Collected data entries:
>>>>>
lemma exists_potential_decrease:
  fixes h :: "'x \<Rightarrow> nat" and \<gamma> :: real
  assumes fC: "finite C" and ne: "C \<noteq> {}"
    and sub: "\<And>x. x \<in> X \<Longrightarrow> good x \<subseteq> C"
    and dens: "\<And>x. x \<in> X \<Longrightarrow> \<gamma> * card C \<le> card (good x)"
  shows "\<exists>c\<in>C. (\<Sum>x\<in>X. (1/2::real) ^ (h x + (if c \<in> good x then 1 else 0)))
                 \<le> (1 - \<gamma>/2) * (\<Sum>x\<in>X. (1/2) ^ h x)"
proof (rule ccontr)
  assume "\<not> ?thesis"
  then have "(\<Sum>c\<in>C. (1 - \<gamma>/2) * (\<Sum>x\<in>X. (1/2::real) ^ h x))
      < (\<Sum>c\<in>C. \<Sum>x\<in>X. (1/2) ^ (h x + (if c \<in> good x then 1 else 0)))"
    using fC ne by (intro sum_strict_mono) auto
  also have "\<dots> = (\<Sum>x\<in>X. \<Sum>c\<in>C. (1/2) ^ h x * (1 - (if c \<in> good x then 1/2 else 0)))"
    by (subst sum.swap) (auto simp: power_add intro!: sum.cong)
  also have "\<dots> = (\<Sum>x\<in>X. (1/2) ^ h x * (card C - card (good x) / 2))"
    using sub fC by (intro sum.cong refl)
      (simp add: sum_subtractf sum_distrib_left[symmetric] sum.If_cases Int_absorb1)
  also have "\<dots> \<le> (\<Sum>x\<in>X. (1/2) ^ h x * (card C * (1 - \<gamma>/2)))"
    using dens by (intro sum_mono mult_left_mono) (auto simp: algebra_simps)
  also have "\<dots> = (\<Sum>c\<in>C. (1 - \<gamma>/2) * (\<Sum>x\<in>X. (1/2::real) ^ h x))"
    by (simp add: sum_distrib_left sum_distrib_right algebra_simps)
  finally show False by simp
qed

lemma tuples_vertex_disjoint_insert:
  assumes "tuples_vertex_disjoint \<A>" "\<Union>(set T) \<inter> (\<Union>T'\<in>\<A>. \<Union>(set T')) = {}"
  shows "tuples_vertex_disjoint (insert T \<A>)"
  using assms unfolding tuples_vertex_disjoint_def by blast

lemma diamond_insertI:
  assumes "insert x S \<in> E" "insert y S \<in> E" "x \<notin> S" "y \<notin> S" "x \<noteq> y"
    and "finite S" "card S = k - 1"
  shows "diamond k E x y (insert x S) (insert y S)"
proof -
  have "insert x S \<inter> insert y S = S" using assms(3-5) by auto
  then show ?thesis unfolding diamond_def using assms by auto
qed

lemma count_ge_of_potential_le:
  fixes h j :: nat
  assumes pot: "(1/2) ^ h \<le> real n ^ k * (1 - \<gamma>/2) ^ j"
    and \<gamma>: "0 \<le> \<gamma>" "\<gamma> \<le> 2" and n: "0 < n"
    and rate: "real k * ln (real n) + \<rho> * real n \<le> \<gamma>/2 * real j"
  shows "\<rho> * real n \<le> real h"
proof -
  have "exp (- real h) = exp (- 1) ^ h" by (simp add: exp_of_nat_mult[symmetric])
  also have "\<dots> \<le> (1/2) ^ h"
    using exp_ge_add_one_self[of 1] by (intro power_mono) (auto simp: exp_minus field_simps)
  also have "\<dots> \<le> exp (real k * ln (real n)) * (1 - \<gamma>/2) ^ j"
    using pot n by (simp add: exp_of_nat_mult[symmetric] ln_realpow[symmetric])
  also have "\<dots> \<le> exp (real k * ln (real n)) * exp (- \<gamma>/2) ^ j"
    using \<gamma> exp_ge_add_one_self[of "- \<gamma>/2"] by (intro mult_left_mono power_mono) auto
  also have "\<dots> = exp (real k * ln (real n) - \<gamma>/2 * real j)"
    unfolding exp_of_nat_mult[symmetric] exp_add[symmetric] by (simp add: algebra_simps)
  also have "\<dots> \<le> exp (- (\<rho> * real n))" using rate by simp
  finally show ?thesis by simp
qed

text \<open>A lower bound for the fraction of candidates that absorb a fixed \<open>k\<close>-tuple; the cap at 1
  keeps the factor \<open>1 - absorption_rate k \<epsilon> / 2\<close> of a greedy step nonnegative.\<close>
definition absorption_rate :: "nat \<Rightarrow> real \<Rightarrow> real" where
  "absorption_rate k \<epsilon> = min 1 (\<epsilon> ^ (k - 1) / 2 / (2 * real (k - 1)) ^ ((k - 1) * k))"

lemma absorption_rate_pos: "0 < \<epsilon> \<Longrightarrow> 2 \<le> k \<Longrightarrow> 0 < absorption_rate k \<epsilon>"
  unfolding absorption_rate_def by simp

lemma absorption_rate_le_1: "absorption_rate k \<epsilon> \<le> 1"
  unfolding absorption_rate_def by simp

section \<open>Links and common links in a dense \<open>k\<close>-graph\<close>

locale dense_kgraph =
  fixes k d :: nat and \<epsilon> :: real and n :: nat and E :: "nat set set"
  assumes one_le_d: "1 \<le> d" and d_less_k: "d < k" and eps_pos: "0 < \<epsilon>"
    and kgraph: "kgraph k {..<n} E"
    and min_deg_ge: "(1/2 + \<epsilon>) * real ((n - d) choose (k - d)) \<le> real (min_deg {..<n} E d)"
    and k_less_n: "k < n"
begin

lemma two_le_k: "2 \<le> k"
  using one_le_d d_less_k by simp

lemma edge_subset: "e \<in> E \<Longrightarrow> e \<subseteq> {..<n}" and card_edge: "e \<in> E \<Longrightarrow> card e = k"
  using kgraph unfolding kgraph_def by auto

lemma finite_edges: "finite E"
  using edge_subset by (auto intro: finite_subset[of _ "Pow {..<n}"])

lemma vertex_degree_ge:
  assumes "w < n"
  shows "(1/2 + \<epsilon>) * real ((n - 1) choose (k - 1)) \<le> card {e \<in> E. w \<in> e}"
proof -
  let ?D = "{S. S \<subseteq> {..<n} \<and> card S = d \<and> w \<in> S}"
  have card_D: "card ?D = (n - 1) choose (d - 1)"
    using card_supersets_of_card[of "{..<n}" "{w}" d] assms one_le_d by simp
  have "card ?D * min_deg {..<n} E d \<le> (\<Sum>S\<in>?D. card {e \<in> E. S \<subseteq> e})"
    using sum_mono[of ?D "\<lambda>_. min_deg {..<n} E d"] min_deg_le[of "{..<n}" _ d E] by simp
  also have "\<dots> = card {e \<in> E. w \<in> e} * ((k - 1) choose (d - 1))"
    using sum_codegrees_through_vertex[OF kgraph _ one_le_d] assms by simp
  finally have deg: "real ((n - 1) choose (d - 1)) * min_deg {..<n} E d
      \<le> card {e \<in> E. w \<in> e} * real ((k - 1) choose (d - 1))"
    using card_D by (metis of_nat_le_iff of_nat_mult)
  have "((n - 1) choose (k - 1)) * ((k - 1) choose (d - 1))
      = ((n - 1) choose (d - 1)) * ((n - d) choose (k - d))"
    using choose_mult[of "d - 1" "k - 1" "n - 1"] one_le_d d_less_k k_less_n by simp
  then have binom: "real ((n - 1) choose (k - 1)) * real ((k - 1) choose (d - 1))
      = real ((n - 1) choose (d - 1)) * real ((n - d) choose (k - d))"
    by (metis of_nat_mult)
  have "(1/2 + \<epsilon>) * real ((n - 1) choose (k - 1)) * real ((k - 1) choose (d - 1))
      = real ((n - 1) choose (d - 1)) * ((1/2 + \<epsilon>) * real ((n - d) choose (k - d)))"
    using binom by (simp add: algebra_simps)
  also have "\<dots> \<le> real ((n - 1) choose (d - 1)) * min_deg {..<n} E d"
    using min_deg_ge by (intro mult_left_mono) auto
  also have "\<dots> \<le> card {e \<in> E. w \<in> e} * real ((k - 1) choose (d - 1))"
    by (rule deg)
  finally show ?thesis
    using d_less_k by (simp add: mult_le_cancel_right)
qed

lemma codegree_le:
  assumes "w \<noteq> y"
  shows "card {e \<in> E. w \<in> e \<and> y \<in> e} \<le> (n - 1) ^ (k - 2)"
proof (cases "w < n \<and> y < n")
  case True
  have "card {e \<in> E. w \<in> e \<and> y \<in> e} \<le> card {S. S \<subseteq> {..<n} \<and> card S = k \<and> {w, y} \<subseteq> S}"
    using edge_subset card_edge by (intro card_mono) (auto intro: finite_subset[of _ "Pow {..<n}"])
  also have "\<dots> = (n - 2) choose (k - 2)"
    using card_supersets_of_card[of "{..<n}" "{w, y}" k] True assms two_le_k
    by (simp add: numeral_2_eq_2)
  also have "\<dots> \<le> (n - 1) ^ (k - 2)"
    using binomial_le_pow[of "k - 2" "n - 2"] k_less_n power_mono[of "n - 2" "n - 1" "k - 2"]
    by fastforce
  finally show ?thesis .
next
  case False
  then have "{e \<in> E. w \<in> e \<and> y \<in> e} = {}" using edge_subset by auto
  then show ?thesis by (simp only: card.empty zero_le)
qed

definition link_avoiding :: "nat \<Rightarrow> nat set \<Rightarrow> nat set set" where
  "link_avoiding w Y = {S. S \<subseteq> {..<n} - insert w Y \<and> card S = k - 1 \<and> insert w S \<in> E}"

lemma finite_link_avoiding: "finite (link_avoiding w Y)"
  unfolding link_avoiding_def by (auto intro: finite_subset[of _ "Pow {..<n}"])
<<<<<
WHAT YOU ARE ASKED TO DO —
Write out only the lines from the very start of the entries above to the line that includes "assms(3-5) by auto", both ends included, each one unchanged.

OUTPUT OF THE TASK —
lemma exists_potential_decrease:
  fixes h :: "'x \<Rightarrow> nat" and \<gamma> :: real
  assumes fC: "finite C" and ne: "C \<noteq> {}"
    and sub: "\<And>x. x \<in> X \<Longrightarrow> good x \<subseteq> C"
    and dens: "\<And>x. x \<in> X \<Longrightarrow> \<gamma> * card C \<le> card (good x)"
  shows "\<exists>c\<in>C. (\<Sum>x\<in>X. (1/2::real) ^ (h x + (if c \<in> good x then 1 else 0)))
                 \<le> (1 - \<gamma>/2) * (\<Sum>x\<in>X. (1/2) ^ h x)"
proof (rule ccontr)
  assume "\<not> ?thesis"
  then have "(\<Sum>c\<in>C. (1 - \<gamma>/2) * (\<Sum>x\<in>X. (1/2::real) ^ h x))
      < (\<Sum>c\<in>C. \<Sum>x\<in>X. (1/2) ^ (h x + (if c \<in> good x then 1 else 0)))"
    using fC ne by (intro sum_strict_mono) auto
  also have "\<dots> = (\<Sum>x\<in>X. \<Sum>c\<in>C. (1/2) ^ h x * (1 - (if c \<in> good x then 1/2 else 0)))"
    by (subst sum.swap) (auto simp: power_add intro!: sum.cong)
  also have "\<dots> = (\<Sum>x\<in>X. (1/2) ^ h x * (card C - card (good x) / 2))"
    using sub fC by (intro sum.cong refl)
      (simp add: sum_subtractf sum_distrib_left[symmetric] sum.If_cases Int_absorb1)
  also have "\<dots> \<le> (\<Sum>x\<in>X. (1/2) ^ h x * (card C * (1 - \<gamma>/2)))"
    using dens by (intro sum_mono mult_left_mono) (auto simp: algebra_simps)
  also have "\<dots> = (\<Sum>c\<in>C. (1 - \<gamma>/2) * (\<Sum>x\<in>X. (1/2::real) ^ h x))"
    by (simp add: sum_distrib_left sum_distrib_right algebra_simps)
  finally show False by simp
qed

lemma tuples_vertex_disjoint_insert:
  assumes "tuples_vertex_disjoint \<A>" "\<Union>(set T) \<inter> (\<Union>T'\<in>\<A>. \<Union>(set T')) = {}"
  shows "tuples_vertex_disjoint (insert T \<A>)"
  using assms unfolding tuples_vertex_disjoint_def by blast

lemma diamond_insertI:
  assumes "insert x S \<in> E" "insert y S \<in> E" "x \<notin> S" "y \<notin> S" "x \<noteq> y"
    and "finite S" "card S = k - 1"
  shows "diamond k E x y (insert x S) (insert y S)"
proof -
  have "insert x S \<inter> insert y S = S" using assms(3-5) by auto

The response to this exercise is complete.